A pig and a poke (The MLS “Menu”)



This week I actually got hungry reading the MLS and the LA Times real estate ads. Check out these bloopers so you can see what’s currently on the menu. I must warn you, you may want to hit the sauce and trim the fat:

I’m In the Mood For Food 

“This hame is well stocked.” (Thank you, Porky Pig.) 

“Hear is the glolden egg!” (…Which apparently comes scrambled.) 

“Counter w/ new pop and fresh” ( Fat little dough boy included.)

“This one has alla the gravy” (Said Carmella Soprano as she proudly served her baked ziti.)

“You’ll marble when you see this beauty” (Bummer. At least Lot’s wife got to be a condiment.)

“We hamdle REOs” (That’s one way to bring home the bacon.) 

Ham Fingers…So The Pork Lingers                                            

“Small pad w/ view of peer” (Why go home when you can sleep at the office?) 

“This is not a TIC” (…said Jeff Goldblum’s  hands.) 

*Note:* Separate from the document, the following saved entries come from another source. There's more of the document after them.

lemma Phi_antimono:
  assumes "finite X" "\<forall>x\<in>X. \<forall>x'\<in>X. N' (x, x') \<le> N (x, x')" "t \<le> s"
  shows "cliq_le (Phi X N t) (Phi X N' s)"
  unfolding Phi_def
proof (rule maximal_cliques_mono)
  show "finite (threshold_vertices X N' s)" using assms(1) by simp
  have le: "N' (x, x') \<le> s" if "x \<in> X" "x' \<in> X" "N (x, x') \<le> t" for x x'
    using assms(2,3) that by (meson order_trans)
  fix K assume K: "is_clique (threshold_vertices X N t) (threshold_edges X N t) K"
  show "is_clique (threshold_vertices X N' s) (threshold_edges X N' s) K"
    unfolding is_clique_def
  proof (intro conjI ballI impI)
    show "K \<noteq> {}" "K \<subseteq> threshold_vertices X N' s" using K le unfolding is_clique_def by auto
    fix x y assume "x \<in> K" "y \<in> K" "x \<noteq> y"
    then have "{x, y} \<in> threshold_edges X N t" using K unfolding is_clique_def by blast
    then show "{x, y} \<in> threshold_edges X N' s" unfolding mem_doubletons_iff using le by blast
  qed
qed

lemma Phi_cong:
  assumes "\<forall>v\<in>N ` (X \<times> X). v \<le> s \<longleftrightarrow> v \<le> t"
  shows "Phi X N s = Phi X N t"
proof -
  have V: "threshold_vertices X N s = threshold_vertices X N t" using assms by auto
  have "(x \<in> X \<and> x' \<in> X \<and> x \<noteq> x' \<and> N (x, x') \<le> s) \<longleftrightarrow> (x \<in> X \<and> x' \<in> X \<and> x \<noteq> x' \<and> N (x, x') \<le> t)"
    for x x' using assms by auto
  then show ?thesis unfolding Phi_def V by (simp only:)
qed

lemma Phi_eq_Cliq:
  assumes N: "N \<in> Net X" and fin: "finite X" and D: "D \<in> Cliq X"
    and co: "\<And>x x'. x \<in> X \<Longrightarrow> x' \<in> X \<Longrightarrow> in_common_clique D x x' \<longleftrightarrow> N (x, x') \<le> t"
  shows "Phi X N t = D"
  unfolding Phi_def
proof (rule maximal_cliques_eq_Cliq[OF D])
  fix K
  have "is_clique (threshold_vertices X N t) (threshold_edges X N t) K \<longleftrightarrow>
      K \<noteq> {} \<and> K \<subseteq> X \<and> (\<forall>x\<in>K. \<forall>y\<in>K. N (x, y) \<le> t)"
    by (rule threshold_clique_iff[of X N, OF Net_symmetric[OF N]])
  also have "\<dots> \<longleftrightarrow> K \<noteq> {} \<and> K \<subseteq> X \<and> (\<forall>x\<in>K. \<forall>y\<in>K. in_common_clique D x y)"
  proof (intro conj_cong refl)
    assume "K \<subseteq> X"
    then show "(\<forall>x\<in>K. \<forall>y\<in>K. N (x, y) \<le> t) \<longleftrightarrow> (\<forall>x\<in>K. \<forall>y\<in>K. in_common_clique D x y)"
      using co by (simp add: subset_eq)
  qed
  finally show "is_clique (threshold_vertices X N t) (threshold_edges X N t) K \<longleftrightarrow>
      K \<noteq> {} \<and> K \<subseteq> X \<and> (\<forall>x\<in>K. \<forall>y\<in>K. in_common_clique D x y)" .
qed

“This pad in the Hollywood Hills is phat.” (So is your head, Biggie Smalls.) 

“Cabinets w/ polished mental inserts” (Listing w/ punch drunk mental idiot.)

“This is a Short Shale” (Say that five times really fast.) 

Is It Happy hour Yet? 

“Just done finished floored” (Bottle done, finished agent on floor.) 

“Cork floors in bar aria” (Methinks the cork was popped several drinks ago.) 

“Stunning hammerred doors” (Offered by stumbling hammered dufus.) 

“This condonimiun has all the trimmins” (Sauced agent has the tremorrrrs.) 


“Bask in the warm sin by the pool” (Yay – party at Charlie Sheen’s  pad!)